You could choose to use half of the amount of soap you would normally use, but for me, that doesn’t work mostly because I have kids that do their own laundry, and they are always going to pour in more soap than necessary. Trust me, this method works, and we haven’t noticed a difference in the cleanliness of our clothing.
As a fabric softener, if necessary, I add one-quarter cup of white vinegar to the wash load. It helps to soften the clothes by removing the residue and soap build up in the clothing and in the washing machine and is super effective and removing odors as well.

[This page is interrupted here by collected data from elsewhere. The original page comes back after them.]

(* Let $h>0$ and $f\in H^\omega(X)\cap L_1(X)$. Then \[ \|f\|_{\mathcal B(X)}\le\frac{\|f\|_{H^\omega(X)}}{\mu(B_h)}\int_{B_h}\omega(\rho(u,\theta))\,d\mu(u)+\frac{\|f\|_{L_1(X)}}{\mu(B_h)}. \] The inequality is sharp: it becomes an equality for $f_{e,h}(x)=(\omega(h)-\omega(\rho(x,\theta)))_+$.
   Context: Standing setting: $(X,\rho)$ is a metric space with a Borel measure $\mu$. $X$ is a commutative monoid, i.e. there is an associative and commutative binary operation $+$ on $X$ with a neutral element $\theta$. The measure is translation invariant: $\mu(x+Q)=\mu(Q)$ for every $\mu$-measurable $Q\subset X$ and every $x\in X$; correspondingly $\int_{B_h}g(x+u)\,d\mu(u)=\int_{x+B_h}g(u)\,d\mu(u)$ for locally integrable $g$. Moreover $\rho(x+y,x)\le\rho(y,\theta)$ for all $x,y\in X$. $B_h$ denotes the open ball of radius $h$ centered at $\theta$, and it is assumed that $0<\mu(B_h)<\infty$ and $B_h\neq\{\theta\}$ for every $h>0$. Every continuous real function on $X$ is integrable on every open ball. For a function $f$, $\|f\|_{\mathcal B(X)}=\sup_{x\in X}|f(x)|$; $L_1(X)$ is the space of $\mu$-integrable functions with the usual norm. $\alpha_+=\max\{\alpha,0\}$. A modulus of continuity is a function $\omega\colon[0,\infty)\to[0,\infty)$ that is non-decreasing, semi-additive ($\omega(s+t)\le\omega(s)+\omega(t)$), with $\omega(0)=0$, and not identically zero. $H^\omega(X)$ is the space of $f\colon X\to\mathbb R$ with $\|f\|_{H^\omega(X)}:=\sup_{x\neq y}\frac{|f(x)-f(y)|}{\omega(\rho(x,y))}<\infty$. *)

theory Defs
  imports "HOL-Analysis.Analysis"
begin

text \<open>Standing setting: X is a type that is both a metric space (rho = dist) and a
  commutative monoid (+, neutral element theta = 0); M is a Borel measure on X.\<close>

definition standing_setting :: "'a::{metric_space,comm_monoid_add} measure \<Rightarrow> bool" where
  "standing_setting M \<longleftrightarrow>
     sets M = sets borel \<and>
     (\<forall>Q\<in>sets M. \<forall>x. (\<lambda>u. x + u) ` Q \<in> sets M \<and>
                       emeasure M ((\<lambda>u. x + u) ` Q) = emeasure M Q) \<and>
     (\<forall>(g::'a \<Rightarrow> real) x h. h > 0 \<longrightarrow> (\<forall>y r. set_integrable M (ball y r) g) \<longrightarrow>
         set_integrable M (ball 0 h) (\<lambda>u. g (x + u)) \<and>
         (LINT u:ball 0 h|M. g (x + u)) = (LINT u:((\<lambda>v. x + v) ` ball 0 h)|M. g u)) \<and>
     (\<forall>x y::'a. dist (x + y) x \<le> dist y 0) \<and>
     (\<forall>h::real. h > 0 \<longrightarrow> 0 < emeasure M (ball 0 h) \<and> emeasure M (ball 0 h) < \<infinity> \<and> ball (0::'a) h \<noteq> {0}) \<and>
     (\<forall>g::'a \<Rightarrow> real. continuous_on UNIV g \<longrightarrow> (\<forall>(y::'a) (r::real). set_integrable M (ball y r) g))"
(* Suppose $g\in\mathcal R_n^f(\{y\},Z,k)$ for some $y\in Y$ and $k\ge1$, and suppose either (a) $X$ and $Y$ are metric spaces and $Z\subset M$ is closed, or (b) $Z=M$ and $X,Y$ are paracompact. Then there exist a neighborhood $V_y$ of $y$ in $Y$ and $\delta_y>0$ such that $g'\in\mathcal R_n^f(\{y'\},Z,k)$ whenever $y'\in V_y$ and $g'\in C(X,M)$ satisfies $\rho(g'(x),g(x))<\delta_y$ for all $x\in f^{-1}(y')$.
   Context: Let $(M,\rho)$ be a complete metric space, $Z\subset M$ closed, $n\ge0$, and $f\colon X\to Y$ a perfect surjection with $\dim f\le n$. For $H\subset Y$ and $k\ge1$, $\mathcal R_n^f(H,Z,k)$ is the set of $g\in C(X,M)$ such that for each $y\in H$ the set $g(f^{-1}(y))\cap Z$ can be covered by a family of open subsets of $M$ of mesh $\le1/k$ and order $\le n$ (every point of $M$ lies in at most $n+1$ members of the family). *)

theory Defs
  imports "HOL-Analysis.Analysis"
begin

definition fibre :: "'a topology \<Rightarrow> ('a \<Rightarrow> 'b) \<Rightarrow> 'b \<Rightarrow> 'a set" where
  "fibre X f y = {x \<in> topspace X. f x = y}"

definition order_le :: "'m set set \<Rightarrow> nat \<Rightarrow> bool" where
  "order_le \<U> n \<longleftrightarrow> (\<forall>p. finite {U \<in> \<U>. p \<in> U} \<and> card {U \<in> \<U>. p \<in> U} \<le> n + 1)"

definition covering_dim_le :: "'a topology \<Rightarrow> nat \<Rightarrow> bool" where
  "covering_dim_le T n \<longleftrightarrow>
     (\<forall>\<C>. finite \<C> \<and> (\<forall>C\<in>\<C>. openin T C) \<and> \<Union>\<C> = topspace T \<longrightarrow>
        (\<exists>\<V>. finite \<V> \<and> (\<forall>V\<in>\<V>. openin T V) \<and> \<Union>\<V> = topspace T \<and>
             (\<forall>V\<in>\<V>. \<exists>C\<in>\<C>. V \<subseteq> C) \<and> order_le \<V> n))"

definition map_dim_le :: "'a topology \<Rightarrow> 'b topology \<Rightarrow> ('a \<Rightarrow> 'b) \<Rightarrow> nat \<Rightarrow> bool" where
  "map_dim_le X Y f n \<longleftrightarrow> (\<forall>y\<in>topspace Y. covering_dim_le (subtopology X (fibre X f y)) n)"

definition paracompact_space :: "'a topology \<Rightarrow> bool" where
  "paracompact_space X \<longleftrightarrow> Hausdorff_space X \<and>
     (\<forall>\<C>. (\<forall>C\<in>\<C>. openin X C) \<and> \<Union>\<C> = topspace X \<longrightarrow>
        (\<exists>\<V>. (\<forall>V\<in>\<V>. openin X V) \<and> \<Union>\<V> = topspace X \<and>
             (\<forall>V\<in>\<V>. \<exists>C\<in>\<C>. V \<subseteq> C) \<and> locally_finite_in X \<V>))"

definition R_set :: "'a topology \<Rightarrow> ('a \<Rightarrow> 'b) \<Rightarrow> nat \<Rightarrow> 'b set \<Rightarrow> 'm::metric_space set \<Rightarrow> nat
                     \<Rightarrow> ('a \<Rightarrow> 'm) set" where
  "R_set X f n H Z k = {g. continuous_map X euclidean g \<and>
     (\<forall>y\<in>H. \<exists>\<U>. (\<forall>U\<in>\<U>. open U) \<and> g ` (fibre X f y) \<inter> Z \<subseteq> \<Union>\<U> \<and>
        (\<forall>U\<in>\<U>. \<forall>a\<in>U. \<forall>b\<in>U. dist a b \<le> 1 / real k) \<and> order_le \<U> n)}"

end

theory Submission
  imports Defs
begin

(* Fix a cover \<U> witnessing g \<in> R_n^f({y},Z,k) and let W = \<Union>\<U>.  The image
   K = g(f\<inverse>(y)) is compact, because f is perfect, and K \<inter> Z \<subseteq> W with Z closed
   and W open; hence there is a margin e > 0 such that every point of Z
   within distance e of K lies in W (margin_of_compact_inside_open).  The
   set of points x with g(x) within e/2 of K is an open neighbourhood of
   f\<inverse>(y), so since f is a closed map all fibres over some neighbourhood V
   of y lie inside it (closed_map_fibre_neighbourhood from the library).
   For y' \<in> V and g' that is e/2-close to g on f\<inverse>(y'), the triangle
   inequality puts g'(f\<inverse>(y')) \<inter> Z inside W (perturbation_within_margin),
   so the same cover \<U> witnesses g' \<in> R_n^f({y'},Z,k)
   (R_set_singleton_by_cover). *)

lemma margin_of_compact_inside_open:
  fixes K Z W :: "'m::metric_space set"
  assumes "compact K" and "closed Z" and "open W" and "K \<inter> Z \<subseteq> W"
  shows "\<exists>e>0. \<forall>q\<in>K. \<forall>p\<in>Z. dist q p < e \<longrightarrow> p \<in> W"
proof -
  have "K \<subseteq> \<Union>{W, - Z}" and "\<And>G. G \<in> {W, - Z} \<Longrightarrow> open G"
    using assms by auto
  then obtain e where "0 < e" and e: "\<And>q. q \<in> K \<Longrightarrow> \<exists>G\<in>{W, - Z}. ball q e \<subseteq> G"
    using Heine_Borel_lemma[OF \<open>compact K\<close>] by metis
  have "p \<in> W" if "q \<in> K" "p \<in> Z" "dist q p < e" for p q
    using e[OF \<open>q \<in> K\<close>] that by auto
  with \<open>0 < e\<close> show ?thesis by blast
qed

lemma perturbation_within_margin:
  fixes g g' :: "'a \<Rightarrow> 'm::metric_space"
  assumes margin: "\<forall>q\<in>K. \<forall>p\<in>Z. dist q p < e \<longrightarrow> p \<in> W"
    and near: "\<forall>x\<in>A. \<exists>q\<in>K. dist q (g x) < e/2"
    and close: "\<forall>x\<in>A. dist (g' x) (g x) < e/2"
  shows "g' ` A \<inter> Z \<subseteq> W"
proof
  fix p assume "p \<in> g' ` A \<inter> Z"
  then obtain x where "x \<in> A" and p: "p = g' x" "p \<in> Z" by blast
  then obtain q where "q \<in> K" and "dist q (g x) < e/2"
    using near by blast
  moreover have "dist (g' x) (g x) < e/2"
    using close \<open>x \<in> A\<close> by blast
  ultimately have "dist q p < e"
    using dist_triangle_lt[of q "g x" "g' x" e] p by simp
  then show "p \<in> W"
    using margin \<open>q \<in> K\<close> \<open>p \<in> Z\<close> by blast
qed

lemma R_set_singleton_by_cover:
  assumes "g \<in> R_set X f n {y} Z k"
  obtains \<U> where "open (\<Union>\<U>)" and "g ` fibre X f y \<inter> Z \<subseteq> \<Union>\<U>"
    and "\<And>g' y'. continuous_map X euclidean g' \<Longrightarrow> g' ` fibre X f y' \<inter> Z \<subseteq> \<Union>\<U>
           \<Longrightarrow> g' \<in> R_set X f n {y'} Z k"
proof -
  from assms obtain \<U> where "\<forall>U\<in>\<U>. open U" and "g ` fibre X f y \<inter> Z \<subseteq> \<Union>\<U>"
    and "\<forall>U\<in>\<U>. \<forall>a\<in>U. \<forall>b\<in>U. dist a b \<le> 1 / real k" and "order_le \<U> n"
    unfolding R_set_def by blast
  show ?thesis
  proof (rule that)
    show "open (\<Union>\<U>)"
      using \<open>\<forall>U\<in>\<U>. open U\<close> by auto
    show "g ` fibre X f y \<inter> Z \<subseteq> \<Union>\<U>" by fact
    show "g' \<in> R_set X f n {y'} Z k"
      if "continuous_map X euclidean g'" and "g' ` fibre X f y' \<inter> Z \<subseteq> \<Union>\<U>" for g' y'
      unfolding R_set_def
    proof (intro CollectI conjI ballI exI[of _ \<U>])
      show "continuous_map X euclidean g'" by fact
    qed (use that \<open>\<forall>U\<in>\<U>. open U\<close> \<open>\<forall>U\<in>\<U>. \<forall>a\<in>U. \<forall>b\<in>U. dist a b \<le> 1 / real k\<close>
             \<open>order_le \<U> n\<close> in auto)
  qed
qed

lemma compact_image_of_fibre:
  assumes "perfect_map X Y f" and "y \<in> topspace Y"
    and "continuous_map X euclidean g"
  shows "compact (g ` fibre X f y)"
proof -
  have "compactin X (fibre X f y)"
    using assms(1,2) by (simp add: perfect_map_def proper_map_def fibre_def)
  then show ?thesis
    using image_compactin[OF _ assms(3)] by simp
qed

theorem lemma2p2:
  fixes X :: "'a topology" and Y :: "'b topology" and f :: "'a \<Rightarrow> 'b"
    and Z :: "'m::complete_space set" and g :: "'a \<Rightarrow> 'm" and n k :: nat and y :: 'b
  assumes "closed Z"
    and "perfect_map X Y f"
    and "map_dim_le X Y f n"
    and "y \<in> topspace Y" and "k \<ge> 1"
    and "g \<in> R_set X f n {y} Z k"
    and "(metrizable_space X \<and> metrizable_space Y) \<or>
         (Z = UNIV \<and> paracompact_space X \<and> paracompact_space Y)"
  shows "\<exists>V \<delta>. openin Y V \<and> y \<in> V \<and> \<delta> > 0 \<and>
           (\<forall>y'\<in>V. \<forall>g'. continuous_map X euclidean g' \<and>
               (\<forall>x\<in>fibre X f y'. dist (g' x) (g x) < \<delta>)
               \<longrightarrow> g' \<in> R_set X f n {y'} Z k)"
proof -
  have g: "continuous_map X euclidean g"
    using assms(6) by (simp add: R_set_def)
  obtain \<U> where "open (\<Union>\<U>)" and cover: "g ` fibre X f y \<inter> Z \<subseteq> \<Union>\<U>"
    and reuse: "\<And>g' y'. continuous_map X euclidean g' \<Longrightarrow> g' ` fibre X f y' \<inter> Z \<subseteq> \<Union>\<U>
                 \<Longrightarrow> g' \<in> R_set X f n {y'} Z k"
    by (fact R_set_singleton_by_cover[OF assms(6)])
  define K where "K = g ` fibre X f y"
  have "compact K"
    unfolding K_def by (rule compact_image_of_fibre[OF assms(2,4) g])
  then obtain e where "e > 0" and margin: "\<forall>q\<in>K. \<forall>p\<in>Z. dist q p < e \<longrightarrow> p \<in> \<Union>\<U>"
    using margin_of_compact_inside_open[OF _ assms(1) \<open>open (\<Union>\<U>)\<close>] cover[folded K_def]
    by blast
  define U where "U = {x \<in> topspace X. g x \<in> (\<Union>q\<in>K. ball q (e/2))}"
  have "openin X U"
    unfolding U_def by (rule openin_continuous_map_preimage[OF g]) auto
  moreover have "fibre X f y \<subseteq> U"
    using \<open>e > 0\<close> by (auto simp: U_def K_def fibre_def)
  moreover have "closed_map X Y f"
    using assms(2) by (simp add: perfect_map_def proper_map_def)
  ultimately obtain V where "openin Y V" "y \<in> V" and tube: "{x \<in> topspace X. f x \<in> V} \<subseteq> U"
    using assms(4) unfolding closed_map_fibre_neighbourhood fibre_def by blast
  have "g' \<in> R_set X f n {y'} Z k"
    if "y' \<in> V" and g': "continuous_map X euclidean g'"
      and close: "\<forall>x\<in>fibre X f y'. dist (g' x) (g x) < e/2" for y' g'
  proof (rule reuse[OF g'])
    have "\<forall>x\<in>fibre X f y'. \<exists>q\<in>K. dist q (g x) < e/2"
      using tube \<open>y' \<in> V\<close> by (auto simp: U_def fibre_def)
    then show "g' ` fibre X f y' \<inter> Z \<subseteq> \<Union>\<U>"
      using perturbation_within_margin[OF margin] close by blast
  qed
  then show ?thesis
    using \<open>openin Y V\<close> \<open>y \<in> V\<close> \<open>e > 0\<close> by (intro exI[of _ V] exI[of _ "e/2"]) auto
qed

end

If you have kids at home, then you know how important window cleaning becomes. When the fingerprints are everywhere, hopefully, the following will come in handy.
This is my least favorite part of cleaning house and if you come by, you’ll notice that almost immediately, but there are some easy ways to clean the windows both inside and out. Inside, I use a 1:1 mixture of vinegar and water. The ratio may or may not be important, but it leaves them streak free, which I love. I also use a microfiber cloth, which also cuts down on streaking and the use of paper towels.
Outside, a tried and true method is to simply use a bit of your car window washer fluid. Once again, cut it with water and use a tool similar to the one you would use at the gas station to wash your car windows. The nice thing is, you can wash your windows in the middle of winter if it happens to be the non-freezing variety.
To clean the window sills, the easiest thing to do is to use that microfiber cloth, taking care to wipe out even the corners. Sometimes that’s the most likely area to be missed. Anytime you wipe down the hard surfaces in a room, do the windowsills as well. If you make it a habit, it won’t get missed.
I am well aware that I am not covering every square inch of the house in this article, but I do want to mention a couple of alternatives to standard cleaning products that I haven’t had the chance to discuss yet.
I can’t use bleach in our home. After having little to no chemicals for so long, it’s nearly suffocating to walk into a room that’s been cleaned with bleach. A great alternative to bleach is lemon juice – and it’s inexpensive as well. Lemon juice is naturally anti-bacterial and is a great deodorizer as well.
Air freshening spray
Once again, air fresheners are a no-no in our home. That synthetic fragrance is hard to deal with, so we use water and essential oils. Just mix a small squirt bottle with some water and add a few drops of your favorite oil and then spritz away. You can also use a diffuser with your essential oils, but it’s not necessary.
It’s Clean – Now What?
Maintaining your clean home after all that work should be high on your priority list, and there are a couple of ways to do so.
Don’t let it get dirty
Seriously, one wipe of a counter and one sweep of a floor can quickly offset the amount of work you will need to do on a “cleaning day”.
If you don’t have it, you won’t have to clean it or around it. Donate, give away, or sell items you don’t need.
One hour (or a half hour) at a time can save a whole day of cleaning. Check out my family responsibilities charts for ideas on how to apply this to your own family, or even yourself. Take it one room at a time and your place will always be clean.
If nothing else, this gives you a place to start, and hopefully some good ideas on how to simplify your cleaning process. Even if you don’t like cleaning, at some point we all have to do it, so crank up the music, dance around a little, and get it done.